Hereditary Hemorrhagic Telangiectasia (HHT): This condition is characterized by recurrent epistaxis, telangiectasias, and an increased risk of arteriovenous malformations. While ichthyosis is not a primary feature, the combination of recurrent epistaxis and potential skin manifestations could align with HHT, especially if there are other systemic signs.

Atopic Dermatitis with Associated Conditions: Atopic dermatitis can sometimes be associated with ichthyosis-like skin changes. Recurrent epistaxis could be related to allergic rhinitis or other atopic conditions that often coexist with atopic dermatitis.
Keratosis Pilaris and Allergic Rhinitis: Keratosis pilaris can present with ichthyosis-like skin changes. When combined with allergic rhinitis, which can cause recurrent epistaxis, this could be a plausible diagnosis.
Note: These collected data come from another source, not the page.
(* For $a_1,a_2\in[n]$, in $\mathbb{Q}[S_n]$, \[B_{a_1}B_{a_2}=\sum_{j=\max(a_1,a_2)}^{\min(a_1+a_2,n)}\frac{a_2!}{(j-a_1)!\,(a_1+a_2-j)!}\cdot\frac{a_1!}{(j-a_2)!}\,B_j.\]
   Context: Elements of $S_n$ are written in deck notation: a word $c_1\cdots c_n$ (a rearrangement of $1,\ldots,n$) is the deck with card $c_i$ in position $i$. Multiplication in $\mathbb{Q}[S_n]$: for $\sigma=c_1\cdots c_n$, $\tau=d_1\cdots d_n$, $\sigma\tau=c_{d_1}\cdots c_{d_n}$, extended bilinearly. For $a\in[n]$, $B_a$ is the sum of all words $c_1\cdots c_n\in S_n$ in which the letters $a+1,\ldots,n$ appear in increasing order from left to right. *)

theory Defs
  imports Complex_Main
begin

text \<open>Permutations of [n] in deck notation: words c_1...c_n (lists, 0-indexed in Isabelle)
  that are rearrangements of 1,...,n.\<close>
definition words :: "nat \<Rightarrow> nat list set" where
  "words n = {w. length w = n \<and> distinct w \<and> set w = {1..n}}"

definition deck_mult :: "nat list \<Rightarrow> nat list \<Rightarrow> nat list" where
  "deck_mult \<sigma> \<tau> = map (\<lambda>d. \<sigma> ! (d - 1)) \<tau>"

text \<open>Elements of Q[S_n] as coefficient functions on words (zero off words n);
  bilinear extension of deck multiplication.\<close>
definition alg_mult :: "nat \<Rightarrow> (nat list \<Rightarrow> rat) \<Rightarrow> (nat list \<Rightarrow> rat) \<Rightarrow> (nat list \<Rightarrow> rat)" where
  "alg_mult n f g = (\<lambda>w. \<Sum>\<sigma>\<in>words n. \<Sum>\<tau>\<in>words n.
      if deck_mult \<sigma> \<tau> = w then f \<sigma> * g \<tau> else 0)"

definition B :: "nat \<Rightarrow> nat \<Rightarrow> nat list \<Rightarrow> rat" where
  "B n a = (\<lambda>w. if w \<in> words n \<and>
      (\<forall>i j. i < j \<and> j < length w \<and> a < w ! i \<and> a < w ! j \<longrightarrow> w ! i < w ! j)
     then 1 else 0)"

end

theory Submission
  imports Defs
begin

text \<open>
  The coefficient of a word w in B_{a1} B_{a2} is the number of factorizations
  w = sigma tau with sigma in B_{a1} and tau in B_{a2}.  Since the letters a2+1..n
  of tau are increasing, the suffix of sigma after position a2 is forced: it is w
  with the letters of the prefix c = take a2 sigma deleted.  Hence factorizations
  of w correspond bijectively to injective words c of length a2 for which the
  completion c @ (w without c) lies in B_{a1}.  That condition splits: if r letters
  of c exceed a1, they must be exactly a1+1, ..., a1+r in increasing order, and w
  itself must lie in B_{a1+r}.  Such prefixes c are shuffles of the interval
  a1+1..a1+r with an injective word of length a2-r over 1..a1, so there are
  (a2 choose r) * a1!/(a1+r-a2)! of them.  Putting j = a1+r gives the theorem.
\<close>

text \<open>Intervals [a..<Suc b] occur as closed objects throughout; keep the simplifier
  from splitting off their last element.\<close>

declare upt_Suc [simp del]


definition incr_above :: "nat \<Rightarrow> nat list \<Rightarrow> bool" where
  "incr_above a w \<longleftrightarrow> sorted_wrt (<) (filter (\<lambda>x. a < x) w)"

lemma incr_above_iff_nth:
  "incr_above a w \<longleftrightarrow>
     (\<forall>i j. i < j \<and> j < length w \<and> a < w ! i \<and> a < w ! j \<longrightarrow> w ! i < w ! j)"
proof -
  have "sorted_wrt (<) (filter (\<lambda>x. a < x) w) \<longleftrightarrow>
        sorted_wrt (\<lambda>x y. a < x \<and> a < y \<longrightarrow> x < y) w"
    by (induction w) auto
  then show ?thesis
    unfolding incr_above_def sorted_wrt_iff_nth_less[of _ w] by (intro iffI allI impI; metis)
qed

lemma B_eq: "B n a w = (if w \<in> words n \<and> incr_above a w then 1 else 0)"
  unfolding B_def incr_above_iff_nth by simp

lemma strictly_increasing_interval:
  assumes "sorted_wrt (<) xs" and "set xs = {a..<b}"
  shows "xs = [a..<b]"
  using strict_sorted_equal[of "[a..<b]" xs] assms by simp

lemma incr_above_large_letters:
  assumes "\<tau> \<in> words n" and "incr_above a \<tau>"
  shows "filter (\<lambda>d. a < d) \<tau> = [Suc a..<Suc n]"
proof (rule strictly_increasing_interval)
  show "sorted_wrt (<) (filter (\<lambda>d. a < d) \<tau>)" using assms(2) by (simp add: incr_above_def)
  show "set (filter (\<lambda>d. a < d) \<tau>) = {Suc a..<Suc n}" using assms(1) by (auto simp: words_def)
qed


lemma finite_words: "finite (words n)"
proof (rule finite_subset)
  show "words n \<subseteq> {xs. set xs \<subseteq> {1..n} \<and> length xs = n}" unfolding words_def by auto
qed (simp add: finite_lists_length_eq)

lemma word_bij:
  assumes "\<sigma> \<in> words n"
  shows "bij_betw (\<lambda>d. \<sigma> ! (d - 1)) {1..n} {1..n}"
proof -
  have \<sigma>: "length \<sigma> = n" "distinct \<sigma>" "set \<sigma> = {1..n}" using assms by (auto simp: words_def)
  have inj: "inj_on (\<lambda>d. \<sigma> ! (d - 1)) {1..n}"
    using \<sigma> by (auto simp: inj_on_def nth_eq_iff_index_eq)
  have "(\<lambda>d. \<sigma> ! (d - 1)) ` {1..n} \<subseteq> {1..n}"
    using \<sigma> nth_mem[of _ \<sigma>] by fastforce
  with inj show ?thesis by (simp add: bij_betw_def endo_inj_surj)
qed

lemma deck_mult_words:
  assumes "\<sigma> \<in> words n" and "\<tau> \<in> words n"
  shows "deck_mult \<sigma> \<tau> \<in> words n"
proof -
  have \<tau>: "set \<tau> = {1..n}" "distinct \<tau>" "length \<tau> = n" using assms(2) by (auto simp: words_def)
  note bij = word_bij[OF assms(1)]
  show ?thesis
    using \<tau> bij_betw_imp_inj_on[OF bij] bij_betw_imp_surj_on[OF bij]
    by (simp add: words_def deck_mult_def distinct_map)
qed

definition pos :: "'a list \<Rightarrow> 'a \<Rightarrow> nat" where
  "pos xs x = (THE i. i < length xs \<and> xs ! i = x)"

lemma pos_nth: "distinct xs \<Longrightarrow> i < length xs \<Longrightarrow> pos xs (xs ! i) = i"
  unfolding pos_def by (rule the_equality) (auto simp: nth_eq_iff_index_eq)

lemma nth_pos: "distinct xs \<Longrightarrow> x \<in> set xs \<Longrightarrow> pos xs x < length xs \<and> xs ! pos xs x = x"
  by (metis pos_nth in_set_conv_nth)

lemma nth_in_take_iff:
  assumes "distinct xs" and "i < length xs"
  shows "xs ! i \<in> set (take k xs) \<longleftrightarrow> i < k"
proof
  assume "xs ! i \<in> set (take k xs)"
  then obtain j where j: "j < length (take k xs)" "take k xs ! j = xs ! i"
    by (auto simp: in_set_conv_nth)
  then have "j = i" using assms by (simp add: nth_eq_iff_index_eq)
  then show "i < k" using j by simp
qed (use assms in \<open>auto simp: in_set_conv_nth intro!: exI[of _ i]\<close>)


subsection \<open>The coefficient as a number of factorizations\<close>

definition factorizations :: "nat \<Rightarrow> nat \<Rightarrow> nat \<Rightarrow> nat list \<Rightarrow> (nat list \<times> nat list) set" where
  "factorizations n a1 a2 w = {(\<sigma>, \<tau>). \<sigma> \<in> words n \<and> \<tau> \<in> words n \<and>
     incr_above a1 \<sigma> \<and> incr_above a2 \<tau> \<and> deck_mult \<sigma> \<tau> = w}"

lemma coefficient_eq_card_factorizations:
  "alg_mult n (B n a1) (B n a2) w = of_nat (card (factorizations n a1 a2 w))"
proof -
  let ?W = "words n" and ?F = "factorizations n a1 a2 w"
  have "alg_mult n (B n a1) (B n a2) w = (\<Sum>\<sigma>\<in>?W. \<Sum>\<tau>\<in>?W. if (\<sigma>, \<tau>) \<in> ?F then 1 else 0)"
    unfolding alg_mult_def by (intro sum.cong refl) (simp add: factorizations_def B_eq)
  also have "\<dots> = (\<Sum>p\<in>?W \<times> ?W. if p \<in> ?F then 1 else 0)"
    by (simp add: sum.cartesian_product case_prod_beta)
  also have "\<dots> = of_nat (card {p \<in> ?W \<times> ?W. p \<in> ?F})"
    by (simp add: sum.inter_filter[symmetric] finite_words)
  also have "{p \<in> ?W \<times> ?W. p \<in> ?F} = ?F" unfolding factorizations_def by auto
  finally show ?thesis .
qed

text \<open>Products of permutations are permutations, so words outside S_n have
  coefficient zero.\<close>

lemma coefficient_outside_words:
  assumes "w \<notin> words n"
  shows "alg_mult n (B n a1) (B n a2) w = 0"
proof -
  have "factorizations n a1 a2 w = {}"
    using assms deck_mult_words unfolding factorizations_def by blast
  then show ?thesis by (simp add: coefficient_eq_card_factorizations)
qed


subsection \<open>Factorizations correspond to prefixes\<close>

definition completion :: "nat list \<Rightarrow> nat list \<Rightarrow> nat list" where
  "completion c w = c @ filter (\<lambda>x. x \<notin> set c) w"

text \<open>If tau is in B_{a2} and sigma tau = w, then sigma is the completion of its
  first a2 letters: positions a2+1..n of sigma are visited by tau in order.\<close>

lemma factor_is_completion:
  assumes \<sigma>: "\<sigma> \<in> words n" and \<tau>: "\<tau> \<in> words n" "incr_above a2 \<tau>"
    and w: "deck_mult \<sigma> \<tau> = w" and a2: "a2 \<le> n"
  shows "\<sigma> = completion (take a2 \<sigma>) w"
proof -
  let ?f = "\<lambda>d. \<sigma> ! (d - 1)" and ?late = "\<lambda>x. x \<notin> set (take a2 \<sigma>)"
  have \<sigma>': "distinct \<sigma>" "length \<sigma> = n" using \<sigma> by (auto simp: words_def)
  have "filter ?late w = map ?f (filter (?late \<circ> ?f) \<tau>)"
    unfolding w[symmetric] deck_mult_def filter_map ..
  also have "filter (?late \<circ> ?f) \<tau> = filter (\<lambda>d. a2 < d) \<tau>"
  proof (rule filter_cong[OF refl])
    fix d assume "d \<in> set \<tau>"
    then have "1 \<le> d" "d \<le> n" using \<tau> by (auto simp: words_def)
    then show "(?late \<circ> ?f) d = (a2 < d)"
      using nth_in_take_iff[OF \<sigma>'(1), of "d - 1" a2] \<sigma>' by auto
  qed
  also have "\<dots> = [Suc a2..<Suc n]" using incr_above_large_letters[OF \<tau>] .
  also have "map ?f [Suc a2..<Suc n] = drop a2 \<sigma>"
    using \<sigma>' a2 by (intro nth_equalityI) simp_all
  finally show ?thesis unfolding completion_def by simp
qed

text \<open>Conversely every injective prefix c of length a2 occurs: the completion
  sigma of c, together with tau = (positions in sigma of the letters of w),
  is a factorization with tau in B_{a2}.\<close>

lemma completion_factorization:
  assumes w: "w \<in> words n" and c: "distinct c" "length c = a2" "set c \<subseteq> {1..n}"
  defines "\<sigma> \<equiv> completion c w"
  defines "\<tau> \<equiv> map (\<lambda>x. Suc (pos \<sigma> x)) w"
  shows "\<sigma> \<in> words n" "\<tau> \<in> words n" "incr_above a2 \<tau>" "deck_mult \<sigma> \<tau> = w"
    and "take a2 \<sigma> = c"
proof -
  have w': "distinct w" "length w = n" "set w = {1..n}" using w by (simp_all add: words_def)
  have \<sigma>d: "distinct \<sigma>" and \<sigma>s: "set \<sigma> = {1..n}"
    unfolding \<sigma>_def completion_def using c w' by auto
  have \<sigma>l: "length \<sigma> = n" using distinct_card[OF \<sigma>d] \<sigma>s by simp
  show "\<sigma> \<in> words n" using \<sigma>d \<sigma>s \<sigma>l by (simp add: words_def)
  show take: "take a2 \<sigma> = c" unfolding \<sigma>_def completion_def using c by simp
  note pos_w = nth_pos[OF \<sigma>d, unfolded \<sigma>s \<sigma>l, folded w'(3)]
  have "inj_on (\<lambda>x. Suc (pos \<sigma> x)) (set w)"
  proof (rule inj_onI)
    fix x y assume "x \<in> set w" "y \<in> set w" "Suc (pos \<sigma> x) = Suc (pos \<sigma> y)"
    then show "x = y" using pos_w[of x] pos_w[of y] by (metis nat.inject)
  qed
  then have \<tau>d: "distinct \<tau>" unfolding \<tau>_def using w' by (simp add: distinct_map)
  have "set \<tau> \<subseteq> {1..n}" unfolding \<tau>_def using pos_w by (auto simp: Suc_le_eq)
  then have "set \<tau> = {1..n}" using \<tau>d w' distinct_card[OF \<tau>d]
    by (intro card_subset_eq) (simp_all add: \<tau>_def)
  then show "\<tau> \<in> words n" using \<tau>d w' by (simp add: words_def \<tau>_def)
  show "deck_mult \<sigma> \<tau> = w" unfolding deck_mult_def \<tau>_def map_map
    by (rule map_idI) (simp add: pos_w)
  have "filter (\<lambda>d. a2 < d) \<tau> = map (\<lambda>x. Suc (pos \<sigma> x)) (filter (\<lambda>x. a2 \<le> pos \<sigma> x) w)"
    unfolding \<tau>_def by (simp add: filter_map comp_def less_Suc_eq_le)
  also have "filter (\<lambda>x. a2 \<le> pos \<sigma> x) w = drop a2 \<sigma>"
  proof -
    have "filter (\<lambda>x. a2 \<le> pos \<sigma> x) w = filter (\<lambda>x. x \<notin> set c) w"
    proof (rule filter_cong[OF refl])
      fix x assume x: "x \<in> set w"
      have "x \<in> set (take a2 \<sigma>) \<longleftrightarrow> pos \<sigma> x < a2"
        using nth_in_take_iff[OF \<sigma>d, of "pos \<sigma> x" a2] pos_w[OF x] \<sigma>l by simp
      then show "(a2 \<le> pos \<sigma> x) = (x \<notin> set c)" using take by auto
    qed
    then show ?thesis unfolding \<sigma>_def completion_def using c by simp
  qed
  also have "map (\<lambda>x. Suc (pos \<sigma> x)) (drop a2 \<sigma>) = [Suc a2..<Suc n]"
  proof -
    have "a2 \<le> n" using \<sigma>l c(2) unfolding \<sigma>_def completion_def by simp
    then show ?thesis using \<sigma>l pos_nth[OF \<sigma>d] by (intro nth_equalityI) auto
  qed
  finally show "incr_above a2 \<tau>" by (simp add: incr_above_def)
qed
Wegener's Granulomatosis (Granulomatosis with Polyangiitis, GPA): Although less common, GPA can cause recurrent epistaxis due to nasal granulomas and vasculitis. Skin manifestations can sometimes resemble ichthyosis. Missing this diagnosis could be fatal due to the potential for severe organ involvement.
Sjögren's Syndrome: This autoimmune disorder can cause dry skin (potentially resembling ichthyosis) and is associated with an increased risk of lymphoma. Recurrent epistaxis could be a feature of associated nasal dryness or vasculitis.

Netherton Syndrome: A rare genetic disorder characterized by ichthyosis, atopic manifestations, and an increased susceptibility to atopic diseases. While not directly associated with recurrent epistaxis, the atopic component could indirectly contribute to this symptom.
Fabry Disease: A lysosomal storage disorder that can cause skin manifestations (including angiokeratomas that might resemble ichthyosis in some cases) and vascular dysfunction leading to potential epistaxis. It's a rare condition but should be considered in the differential due to its systemic implications.